ChinaNet Online Holdings, Inc., through its subsidiaries, provides business-to-businesses Internet services for small and medium enterprises (SMEs) sales networks in the People's Republic of China. ChinaNet Online Holdings has a market cap of $15.2 million and is part of the technology sector. Shares are down 19.1% year-to-date as of the close of trading on Friday. Currently there are no analysts who rate ChinaNet Online Holdings a buy, no analysts rate it a sell, and none rate it a hold.

TheStreet Ratings rates ChinaNet Online Holdings as a sell. The company's weaknesses can be seen in multiple areas, such as its feeble growth in its earnings per share, deteriorating net income, disappointing return on equity, poor profit margins and weak operating cash flow.

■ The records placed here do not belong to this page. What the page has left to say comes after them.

lemma chain_map_H1_subset:
  assumes "strict_linear_on V1 lt1" "strict_linear_on V2 lt2"
    and "f ` V1 \<subseteq> V2" "\<And>u v. u \<in> V1 \<Longrightarrow> v \<in> V1 \<Longrightarrow> E1 u v \<Longrightarrow> E2 (f u) (f v)"
  shows "chain_map lt2 f ` H1 lt1 V1 E1 \<subseteq> H1 lt2 V2 E2"
proof -
  have image_cycle: "is_cycle V2 E2 (map f C) \<and>
      chain_map lt2 f (path_chain lt1 C) = path_chain lt2 (map f C)" if "is_cycle V1 E1 C" for C
    using that is_cycle_map[of f V1 V2 E1 E2, OF assms(3,4)] chain_map_path_chain[OF assms(1-3)]
    by (auto simp: is_cycle_def is_path_def)
  have "chain_map lt2 f c \<in> H1 lt2 V2 E2" if "c \<in> H1 lt1 V1 E1" for c
    using that
  proof (induction rule: H1.induct)
    case (add c C)
    then show ?case
      using H1.add[OF add.IH, of "map f C"] image_cycle[OF add.hyps(2)]
      by (simp add: chain_map_add H1_finite_support finite_path_chain_support)
  next
    case (diff c C)
    then show ?case
      using H1.diff[OF diff.IH, of "map f C"] image_cycle[OF diff.hyps(2)]
      by (simp add: chain_map_diff H1_finite_support finite_path_chain_support)
  qed (simp add: H1.zero)
  then show ?thesis by blast
qed

lemma H1_subset_chain_map_image:
  assumes lift_cycle: "\<And>D. is_cycle V2 E2 D \<Longrightarrow>
      \<exists>C. is_cycle V1 E1 C \<and> chain_map lt2 f (path_chain lt1 C) = path_chain lt2 D"
  shows "H1 lt2 V2 E2 \<subseteq> chain_map lt2 f ` H1 lt1 V1 E1"
proof
  fix d
  assume "d \<in> H1 lt2 V2 E2"
  then show "d \<in> chain_map lt2 f ` H1 lt1 V1 E1"
  proof (induction rule: H1.induct)
    case zero
    have "(\<lambda>q. 0) = chain_map lt2 f (\<lambda>q. 0)"
      by simp
    then show ?case using H1.zero by (rule image_eqI)
  next
    case (add c D)
    then obtain c' C where c': "c' \<in> H1 lt1 V1 E1" "c = chain_map lt2 f c'"
      and C: "is_cycle V1 E1 C" "chain_map lt2 f (path_chain lt1 C) = path_chain lt2 D"
      using lift_cycle by blast
    then have "(\<lambda>q. c q + path_chain lt2 D q) = chain_map lt2 f (\<lambda>q. c' q + path_chain lt1 C q)"
      by (simp add: chain_map_add H1_finite_support finite_path_chain_support)
    then show ?case using H1.add[OF c'(1) C(1)] by blast
  next
    case (diff c D)
    then obtain c' C where c': "c' \<in> H1 lt1 V1 E1" "c = chain_map lt2 f c'"
      and C: "is_cycle V1 E1 C" "chain_map lt2 f (path_chain lt1 C) = path_chain lt2 D"
      using lift_cycle by blast
    then have "(\<lambda>q. c q - path_chain lt2 D q) = chain_map lt2 f (\<lambda>q. c' q - path_chain lt1 C q)"
      by (simp add: chain_map_diff H1_finite_support finite_path_chain_support)
    then show ?case using H1.diff[OF c'(1) C(1)] by blast
  qed
qed

lemma box_pow_V_update: "x \<in> box_pow_V V n \<Longrightarrow> t \<in> V \<Longrightarrow> x[k := t] \<in> box_pow_V V n"
  unfolding box_pow_V_def using set_update_subset_insert[of x k t] by auto

lemma box_pow_E_update:
  "x \<in> box_pow_V V n \<Longrightarrow> k < n \<Longrightarrow> E s t \<Longrightarrow> box_pow_E E n (x[k := s]) (x[k := t])"
  unfolding box_pow_V_def box_pow_E_def by (intro conjI exI[of _ k]) auto

lemma is_path_box_pow_coordinate:
  assumes "x \<in> box_pow_V V n" "k < n" "is_path V E P"
  shows "is_path (box_pow_V V n) (box_pow_E E n) (map (\<lambda>t. x[k := t]) P)"
  by (rule is_path_map[OF _ _ assms(3)]) (auto intro: box_pow_V_update box_pow_E_update assms)

lemma eta_box_pow_V: "eta ` box_pow_V V n \<subseteq> red_pow_V V n"
  unfolding box_pow_V_def red_pow_V_def eta_def by auto

lemma eta_update: "k < length x \<Longrightarrow> eta (x[k := t]) = add_mset t (eta x - {#x ! k#})"
  unfolding eta_def by (rule mset_update)

lemma red_pow_E_eta: "box_pow_E E n x y \<Longrightarrow> red_pow_E E n (eta x) (eta y)"
proof -
  assume "box_pow_E E n x y"
  then obtain i where i: "i < n" "E (x ! i) (y ! i)" "\<forall>j<n. j \<noteq> i \<longrightarrow> x ! j = y ! j"
    and len: "length x = n" "length y = n"
    unfolding box_pow_E_def by blast
  then have "y = x[i := y ! i]"
    by (intro nth_equalityI) (auto simp: nth_list_update)
  then have "eta y = add_mset (y ! i) (eta x - {#x ! i#})"
    using eta_update[of i x "y ! i"] i len by simp
  then show ?thesis
    using i len unfolding red_pow_E_def
    by (intro conjI exI[of _ "x ! i"] exI[of _ "y ! i"]) (auto simp: eta_def)
qed

lemma red_pow_E_lift:
  assumes "simple_graph V E" "x \<in> box_pow_V V n" "red_pow_E E n (eta x) N"
  shows "\<exists>y\<in>box_pow_V V n. box_pow_E E n x y \<and> eta y = N"
proof -
  obtain u v where uv: "E u v" "u \<in># eta x" "N = eta x - {#u#} + {#v#}"
    using assms(3) unfolding red_pow_E_def by blast
  then obtain i where i: "i < length x" "x ! i = u"
    by (auto simp: eta_def in_set_conv_nth)
  have "v \<in> V"
    using assms(1) uv(1) unfolding simple_graph_def by blast
  moreover have "length x = n"
    using assms(2) by (simp add: box_pow_V_def)
  ultimately show ?thesis
    using box_pow_V_update[OF assms(2)] box_pow_E_update[OF assms(2), of i E u v] i uv
    by (intro bexI[of _ "x[i := v]"]) (auto simp: eta_update)
qed

definition null_joined ::
    "'v set \<Rightarrow> ('v \<Rightarrow> 'v \<Rightarrow> bool) \<Rightarrow> ('w \<Rightarrow> 'w \<Rightarrow> bool) \<Rightarrow> ('v \<Rightarrow> 'w) \<Rightarrow> 'v \<Rightarrow> 'v \<Rightarrow> bool" where
  "null_joined V E lt f x y \<longleftrightarrow>
     (\<exists>Q. is_path V E Q \<and> hd Q = x \<and> last Q = y \<and> path_chain lt (map f Q) = (\<lambda>q. 0))"

lemma null_joined_refl: "x \<in> V \<Longrightarrow> null_joined V E lt f x x"
  unfolding null_joined_def by (intro exI[of _ "[x]"]) simp

lemma null_joined_trans:
  assumes "null_joined V E lt f x y" "null_joined V E lt f y z"
  shows "null_joined V E lt f x z"
proof -
  obtain Q1 Q2 where Q1: "is_path V E Q1" "hd Q1 = x" "last Q1 = y" "path_chain lt (map f Q1) = (\<lambda>q. 0)"
    and Q2: "is_path V E Q2" "hd Q2 = y" "last Q2 = z" "path_chain lt (map f Q2) = (\<lambda>q. 0)"
    using assms unfolding null_joined_def by blast
  have ne: "Q1 \<noteq> []" "Q2 \<noteq> []"
    using Q1 Q2 by auto
  have "path_chain lt (map f (Q1 @ tl Q2)) = path_chain lt (map f Q1 @ tl (map f Q2))"
    by (simp add: map_tl)
  also have "\<dots> = (\<lambda>q. 0)"
    using ne Q1 Q2 by (simp add: path_chain_append last_map hd_map)
  finally show ?thesis
    unfolding null_joined_def using ne Q1 Q2 is_path_append[OF Q1(1) Q2(1)]
    by (intro exI[of _ "Q1 @ tl Q2"]) (simp add: last_append_tl)
qed

lemma box_pow_swap_null_joined:
  assumes "graph V E" "strict_linear_on (red_pow_V V n) lt"
    and x: "x \<in> box_pow_V V n" and ij: "i < n" "j < n"
  shows "null_joined (box_pow_V V n) (box_pow_E E n) lt eta x (x[i := x ! j, j := x ! i])"
proof -
  define a b where "a = x ! i" and "b = x ! j"
  have len: "length x = n"
    using x by (simp add: box_pow_V_def)
  have sg: "simple_graph V E" and "a \<in> V" "b \<in> V"
    using assms len unfolding graph_def a_def b_def box_pow_V_def by auto
  with assms(1) obtain p where p: "is_path V E p" "hd p = a" "last p = b"
    using connected_graph_path unfolding graph_def connected_graph_def by metis
  have "p \<noteq> []"
    using p by auto
  define x' where "x' = x[i := b]"
  have x': "x' \<in> box_pow_V V n" "x' ! j = b"
    using box_pow_V_update[OF x \<open>b \<in> V\<close>] ij len by (auto simp: x'_def b_def nth_list_update)
  define Q1 Q2 where "Q1 = map (\<lambda>t. x[i := t]) p" and "Q2 = map (\<lambda>t. x'[j := t]) (rev p)"
  have paths: "is_path (box_pow_V V n) (box_pow_E E n) Q1" "is_path (box_pow_V V n) (box_pow_E E n) Q2"
    unfolding Q1_def Q2_def using is_path_rev[of E V p] sg p x' x ij
    by (auto intro!: is_path_box_pow_coordinate simp: simple_graph_def)
  have "hd Q2 = x'"
    using \<open>p \<noteq> []\<close> p list_update_id[of x' j] x'(2) by (simp add: Q2_def hd_map hd_rev)
  moreover have "hd Q1 = x" "last Q1 = x'" "last Q2 = x[i := x ! j, j := x ! i]"
    using \<open>p \<noteq> []\<close> p by (auto simp: Q1_def Q2_def x'_def a_def b_def hd_map last_map last_rev)
  ultimately have ends: "hd Q1 = x" "last Q1 = x'" "hd Q2 = x'" "last Q2 = x[i := x ! j, j := x ! i]"
    by simp_all
  \<comment> \<open>Under eta, the second leg retraces the first one backwards.\<close>
  define L where "L = map (\<lambda>t. add_mset t (eta x - {#a#})) p"
  have "map eta Q1 = L" "map eta Q2 = rev L"
    using ij len x' eta_update[of i x b]
    by (auto simp: Q1_def Q2_def L_def rev_map eta_update a_def x'_def)
  then have "path_chain lt (map eta (Q1 @ tl Q2)) = path_chain lt (L @ tl (rev L))"
    by (simp add: map_tl)
  also have "\<dots> = (\<lambda>q. 0)"
  proof (rule path_chain_there_and_back[OF assms(2)])
    show "set L \<subseteq> red_pow_V V n"
      using eta_box_pow_V is_path_set[OF paths(1)] \<open>map eta Q1 = L\<close> by (metis image_mono order_trans set_map)
  qed (use \<open>p \<noteq> []\<close> L_def in simp)
  finally show ?thesis
    unfolding null_joined_def using paths ends \<open>p \<noteq> []\<close>
    by (intro exI[of _ "Q1 @ tl Q2"]) (auto simp: is_path_append last_append_tl Q1_def Q2_def)
qed

lemma permute_list_transpose:
  "a < length xs \<Longrightarrow> b < length xs \<Longrightarrow>
    permute_list (Transposition.transpose a b) xs = xs[a := xs ! b, b := xs ! a]"
  by (rule nth_equalityI)
    (auto simp: permute_list_nth permutes_swap_id nth_list_update transpose_def)

lemma box_pow_permute_null_joined:
  assumes "graph V E" "strict_linear_on (red_pow_V V n) lt"
    and x: "x \<in> box_pow_V V n" and "\<sigma> permutes {..<n}"
  shows "null_joined (box_pow_V V n) (box_pow_E E n) lt eta x (permute_list \<sigma> x)"
  using finite_lessThan assms(4)
proof (induction rule: permutes_rev_induct)
  case id
  then show ?case using null_joined_refl[OF x] by simp
next
  case (swap a b \<sigma>)
  define y where "y = permute_list \<sigma> x"
  have len: "length x = n"
    using x by (simp add: box_pow_V_def)
  have "y \<in> box_pow_V V n"
    using x swap.hyps(4) len by (auto simp: y_def box_pow_V_def dest: mset_eq_setD[OF mset_permute_list])
  then have "null_joined (box_pow_V V n) (box_pow_E E n) lt eta y (y[a := y ! b, b := y ! a])"
    using box_pow_swap_null_joined[OF assms(1,2)] swap.hyps(1,2) by blast
  moreover have "permute_list (\<sigma> \<circ> Transposition.transpose a b) x = y[a := y ! b, b := y ! a]"
    using swap.hyps(1,2) len
    by (simp add: y_def permute_list_compose permutes_swap_id permute_list_transpose)
  ultimately show ?case
    using null_joined_trans[OF swap.IH] unfolding y_def by metis
qed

Highlights from TheStreet Ratings analysis on CNET go as follows:

  • CHINANET ONLINE HOLDINGS's earnings have gone downhill when comparing its most recently reported quarter with the same quarter a year earlier. The company has reported a trend of declining earnings per share over the past two years. During the past fiscal year, CHINANET ONLINE HOLDINGS swung to a loss, reporting -$0.01 versus $0.13 in the prior year.
  • The company, on the basis of change in net income from the same quarter one year ago, has significantly underperformed when compared to that of the S&P 500 and the Media industry. The net income has significantly decreased by 2326.7% when compared to the same quarter one year ago, falling from $0.03 million to -$0.67 million.
  • Current return on equity is lower than its ROE from the same quarter one year prior. This is a clear sign of weakness within the company. Compared to other companies in the Media industry and the overall market, CHINANET ONLINE HOLDINGS's return on equity significantly trails that of both the industry average and the S&P 500.
  • The gross profit margin for CHINANET ONLINE HOLDINGS is currently lower than what is desirable, coming in at 26.26%. It has decreased significantly from the same period last year. Along with this, the net profit margin of -12.88% is significantly below that of the industry average.
  • Net operating cash flow has significantly decreased to -$1.35 million or 213.45% when compared to the same quarter last year. In addition, when comparing to the industry average, the firm's growth rate is much lower.

You can view the full analysis from the report here: ChinaNet Online Holdings Ratings Report

STOCKS TO BUY: TheStreet Quant Ratings has identified a handful of stocks that can potentially TRIPLE in the next 12 months. Learn more.

Editor's Note: Any reference to TheStreet Ratings and its underlying recommendation does not reflect the opinion of TheStreet, Inc. or any of its contributors including Jim Cramer or Stephanie Link.